Но Митрич уже завелся. Скинув с себя пиджак и выказав всем свою ослепительно белую нейлоновую рубашку, которая подчеркивала, что и здесь знают толк в моде, он глянул в упор на Вениамина своими глазами-щелочками.
Но тут поднялась Анна Евстратовна.
— Петр Дмитриевич! — ласковым и примиряющим голосом обратилась она к директору. — Мы сегодня собрались по другому поводу. Давайте отложим уроки диалектического материализма на завтра. А сегодня будем общаться.
— Нет, не отложим! Вот что я вам, дорогие гости, хочу сказать, — глухим голосом продолжил Митрич. — До войны в наших краях жило двадцать пять тысяч. Более трех тысяч здоровых мужиков и парней ушло на фронт. Обратно не вернулось и половины. А сколько еще было выбито в Гражданскую? Ныне каждый год на учебу в город уезжают сотни, и сюда, как с фронта, почти не возвращаются.
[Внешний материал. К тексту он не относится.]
(* Let $\mathfrak{g}$ be a $\mathrm{Lie}$-nilpotent Leibniz algebra and $f:\mathfrak{g}\twoheadrightarrow\mathfrak{q}$ a surjective homomorphism of Leibniz algebras. If $\ker(f)\subseteq[\mathfrak{g},\mathfrak{g}]_{\mathrm{Lie}}$ and $\mathcal{M}^{\mathrm{Lie}}(\mathfrak{q})=0$, then $f$ is an isomorphism. In particular, if $\mathcal{M}^{\mathrm{Lie}}(\mathfrak{g}/[\mathfrak{g},\mathfrak{g}]_{\mathrm{Lie}})=0$, then $\mathcal{M}^{\mathrm{Lie}}(\mathfrak{g})=0$.
   Context: Fix a field $\mathbb{K}$ with $\frac12\in\mathbb{K}$. A Leibniz algebra is a $\mathbb{K}$-vector space with a bilinear bracket satisfying $[x,[y,z]]=[[x,y],z]-[[x,z],y]$. For two-sided ideals $\mathfrak{m},\mathfrak{n}$, $[\mathfrak{m},\mathfrak{n}]_{\mathrm{Lie}}$ is the subspace spanned by all $[m,n]+[n,m]$. Lower $\mathrm{Lie}$-central series: $\mathfrak{g}^{[1]}=\mathfrak{g}$, $\mathfrak{g}^{[i]}=[\mathfrak{g}^{[i-1]},\mathfrak{g}]_{\mathrm{Lie}}$; $\mathfrak{g}$ is $\mathrm{Lie}$-nilpotent if some $\mathfrak{g}^{[k]}=0$. For a free presentation $0\to\mathfrak{r}\to\mathfrak{f}\to\mathfrak{g}\to0$ ($\mathfrak{f}$ free Leibniz), $\mathcal{M}^{\mathrm{Lie}}(\mathfrak{g})=\frac{\mathfrak{r}\cap[\mathfrak{f},\mathfrak{f}]_{\mathrm{Lie}}}{[\mathfrak{f},\mathfrak{r}]_{\mathrm{Lie}}}$, independent of the presentation up to isomorphism. *)

theory Defs
  imports Main "HOL.Vector_Spaces" "HOL-Library.Function_Algebras"
begin

definition leibniz :: "('k::field \<Rightarrow> 'a::ab_group_add \<Rightarrow> 'a) \<Rightarrow> 'a set \<Rightarrow> ('a \<Rightarrow> 'a \<Rightarrow> 'a) \<Rightarrow> bool" where
  "leibniz sc L br \<longleftrightarrow> vector_space sc \<and> module.subspace sc L
     \<and> (\<forall>x\<in>L. \<forall>y\<in>L. br x y \<in> L)
     \<and> (\<forall>x\<in>L. \<forall>y\<in>L. \<forall>z\<in>L. br (x + y) z = br x z + br y z \<and> br x (y + z) = br x y + br x z)
     \<and> (\<forall>c. \<forall>x\<in>L. \<forall>y\<in>L. br (sc c x) y = sc c (br x y) \<and> br x (sc c y) = sc c (br x y))
     \<and> (\<forall>x\<in>L. \<forall>y\<in>L. \<forall>z\<in>L. br x (br y z) = br (br x y) z - br (br x z) y)"

definition lie_sp :: "('k::field \<Rightarrow> 'a::ab_group_add \<Rightarrow> 'a) \<Rightarrow> ('a \<Rightarrow> 'a \<Rightarrow> 'a) \<Rightarrow> 'a set \<Rightarrow> 'a set \<Rightarrow> 'a set" where
  "lie_sp sc br M N = module.span sc {br m n + br n m | m n. m \<in> M \<and> n \<in> N}"

(* lower Lie-central series, shifted: lcs n = g^[n+1] *)
fun lie_lcs :: "('k::field \<Rightarrow> 'a::ab_group_add \<Rightarrow> 'a) \<Rightarrow> ('a \<Rightarrow> 'a \<Rightarrow> 'a) \<Rightarrow> 'a set \<Rightarrow> nat \<Rightarrow> 'a set" where
  "lie_lcs sc br L 0 = L"
| "lie_lcs sc br L (Suc n) = lie_sp sc br (lie_lcs sc br L n) L"

definition lie_nilpotent :: "('k::field \<Rightarrow> 'a::ab_group_add \<Rightarrow> 'a) \<Rightarrow> ('a \<Rightarrow> 'a \<Rightarrow> 'a) \<Rightarrow> 'a set \<Rightarrow> bool" where
  "lie_nilpotent sc br L \<longleftrightarrow> (\<exists>k. lie_lcs sc br L k = {0})"

definition leib_hom :: "('k::field \<Rightarrow> 'a::ab_group_add \<Rightarrow> 'a) \<Rightarrow> ('a \<Rightarrow> 'a \<Rightarrow> 'a)
     \<Rightarrow> ('k \<Rightarrow> 'b::ab_group_add \<Rightarrow> 'b) \<Rightarrow> ('b \<Rightarrow> 'b \<Rightarrow> 'b) \<Rightarrow> ('a \<Rightarrow> 'b) \<Rightarrow> bool" where
  "leib_hom sa ba sb bb f \<longleftrightarrow> Vector_Spaces.linear sa sb f \<and> (\<forall>x y. f (ba x y) = bb (f x) (f y))"

(* ---- The free Leibniz algebra on a set of generators (Loday's construction) ----
   Underlying space: finitely supported functions on nonempty words, i.e. the reduced
   tensor algebra T(V) with V having basis the generators.  Bracket on words:
     [u, v] = u v   (v a letter),   [u, w v] = [u, w] v - [u v, w].
   The second word is stored reversed to make the recursion structural. *)

definition fsc :: "'k::field \<Rightarrow> ('x list \<Rightarrow> 'k) \<Rightarrow> ('x list \<Rightarrow> 'k)" where
  "fsc c \<phi> = (\<lambda>w. c * \<phi> w)"

definition fdelta :: "'x list \<Rightarrow> ('x list \<Rightarrow> 'k::field)" where
  "fdelta u = (\<lambda>w. if w = u then 1 else 0)"

(* right multiplication by a letter v: linear extension of w \<mapsto> w v *)
definition fapp :: "'x \<Rightarrow> ('x list \<Rightarrow> 'k::field) \<Rightarrow> ('x list \<Rightarrow> 'k)" where
  "fapp v \<phi> = (\<lambda>w. if w \<noteq> [] \<and> last w = v then \<phi> (butlast w) else 0)"

fun wbr_rev :: "'x list \<Rightarrow> 'x list \<Rightarrow> ('x list \<Rightarrow> 'k::field)" where
  "wbr_rev u [] = 0"
| "wbr_rev u [v] = fdelta (u @ [v])"
| "wbr_rev u (v # v' # r) = fapp v (wbr_rev u (v' # r)) - wbr_rev (u @ [v]) (v' # r)"

definition wbr :: "'x list \<Rightarrow> 'x list \<Rightarrow> ('x list \<Rightarrow> 'k::field)" where
  "wbr u w = wbr_rev u (rev w)"

definition fsupp :: "('x list \<Rightarrow> 'k::field) \<Rightarrow> 'x list set" where
  "fsupp \<phi> = {w. \<phi> w \<noteq> 0}"

definition free_carrier :: "('x list \<Rightarrow> 'k::field) set" where
  "free_carrier = {\<phi>. finite (fsupp \<phi>) \<and> \<phi> [] = 0}"

definition fbr :: "('x list \<Rightarrow> 'k::field) \<Rightarrow> ('x list \<Rightarrow> 'k) \<Rightarrow> ('x list \<Rightarrow> 'k)" where
  "fbr \<phi> \<psi> = (\<Sum>u\<in>fsupp \<phi>. \<Sum>w\<in>fsupp \<psi>. fsc (\<phi> u * \<psi> w) (wbr u w))"

(* canonical free presentation of q (generators = all elements of q):
   the homomorphism sending the word x1...xn to [..[[x1,x2],x3],..,xn] *)
definition left_normed :: "('b \<Rightarrow> 'b \<Rightarrow> 'b) \<Rightarrow> 'b list \<Rightarrow> 'b" where
  "left_normed br w = foldl br (hd w) (tl w)"

definition pres_map :: "('k::field \<Rightarrow> 'b::ab_group_add \<Rightarrow> 'b) \<Rightarrow> ('b \<Rightarrow> 'b \<Rightarrow> 'b) \<Rightarrow> ('b list \<Rightarrow> 'k) \<Rightarrow> 'b" where
  "pres_map sc br \<phi> = (\<Sum>w\<in>fsupp \<phi>. sc (\<phi> w) (left_normed br w))"

definition pres_ker :: "('k::field \<Rightarrow> 'b::ab_group_add \<Rightarrow> 'b) \<Rightarrow> ('b \<Rightarrow> 'b \<Rightarrow> 'b) \<Rightarrow> ('b list \<Rightarrow> 'k) set" where
  "pres_ker sc br = {\<phi> \<in> free_carrier. pres_map sc br \<phi> = 0}"

(* M^Lie(q) = 0, computed via the canonical free presentation 0 -> r -> f -> q -> 0:
   (r \<inter> [f,f]_Lie) / [f,r]_Lie = 0 *)
definition schur_lie_zero :: "('k::field \<Rightarrow> 'b::ab_group_add \<Rightarrow> 'b) \<Rightarrow> ('b \<Rightarrow> 'b \<Rightarrow> 'b) \<Rightarrow> bool" where
  "schur_lie_zero sc br \<longleftrightarrow>
     pres_ker sc br \<inter> lie_sp (fsc :: 'k \<Rightarrow> _) fbr free_carrier free_carrier
       \<subseteq> lie_sp (fsc :: 'k \<Rightarrow> _) fbr free_carrier (pres_ker sc br)"

end

theory Submission
  imports Defs
begin

(*
  Let K be the kernel of f. Lifting the generators of the free Leibniz algebra F on the elements
  of q along a section of f gives a homomorphism \<psi> : F \<rightarrow> g with f \<circ> \<psi> the canonical presentation
  map, so \<psi> \<rho> \<in> K exactly for \<rho> in the relation space R. Since \<psi> is onto modulo K, every
  symmetrised bracket of g is \<psi> of one of F plus an element of [K,g]_Lie. So an element k of
  K \<subseteq> [g,g]_Lie is \<psi> \<rho> + j with j \<in> [K,g]_Lie and \<rho> \<in> R \<inter> [F,F]_Lie = [F,R]_Lie, the equality
  being M^Lie(q) = 0; and \<psi> maps [F,R]_Lie into [K,g]_Lie. Hence K \<subseteq> [K,g]_Lie, so K lies in every
  term of the lower Lie-central series and vanishes by nilpotency.

  For the second claim the quotient map g \<rightarrow> g/[g,g]_Lie is then an isomorphism, and M^Lie is
  invariant under isomorphisms: relabelling the generators of the free algebra along one carries
  the canonical presentation of its source onto that of its target.
*)

section \<open>Symmetrised bracket spans\<close>

context vector_space
begin

lemma subspace_lie_sp: "subspace (lie_sp scale b X Y)"
  by (simp add: lie_sp_def)

lemma lie_sp_generator: "m \<in> X \<Longrightarrow> n \<in> Y \<Longrightarrow> b m n + b n m \<in> lie_sp scale b X Y"
  unfolding lie_sp_def by (rule span_base) blast

lemma lie_sp_least:
  assumes "subspace T" and "\<And>m n. m \<in> X \<Longrightarrow> n \<in> Y \<Longrightarrow> b m n + b n m \<in> T"
  shows "lie_sp scale b X Y \<subseteq> T"
  unfolding lie_sp_def by (rule span_minimal) (use assms in auto)

lemma lie_sp_mono: "X \<subseteq> X' \<Longrightarrow> Y \<subseteq> Y' \<Longrightarrow> lie_sp scale b X Y \<subseteq> lie_sp scale b X' Y'"
  unfolding lie_sp_def by (rule span_mono) blast

lemma lie_sp_commute: "lie_sp scale b X Y = lie_sp scale b Y X"
  unfolding lie_sp_def by (rule arg_cong[where f = span]) (metis add.commute)

lemma lie_sp_subset:
  assumes "subspace C" "X \<subseteq> C" "Y \<subseteq> C" "\<forall>x\<in>C. \<forall>y\<in>C. b x y \<in> C"
  shows "lie_sp scale b X Y \<subseteq> C"
  by (rule lie_sp_least) (use assms in \<open>blast intro: subspace_add\<close>)+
И тут мой командир вновь удивил не только меня, но заезжих артистов и всех, кто был приглашен на ужин. Он встал, высокий, красивый, и спокойным голосом, так, как он обычно вел в воздухе связь, начал читать стихи. Я их слышал впервые.
Присутствующий на ужине Мамушкин сказал, что Михалыч читал так, будто устанавливал радиосвязь с далекими мирами.
Ватрушкин замолчал, в учительской повисла тишина. Молчание сломал Митрич.
— Вы верно сказали, — директор кивнул в сторону Ватрушкина, — нас спасает лес, тайга. Вырубим его, здесь будет пустыня. Кому захочется жить в пустыне? Никому.
Спасибо Аннушке, не побоялась, приехала в нашу глушь. Всем показала, что жить интересно можно везде.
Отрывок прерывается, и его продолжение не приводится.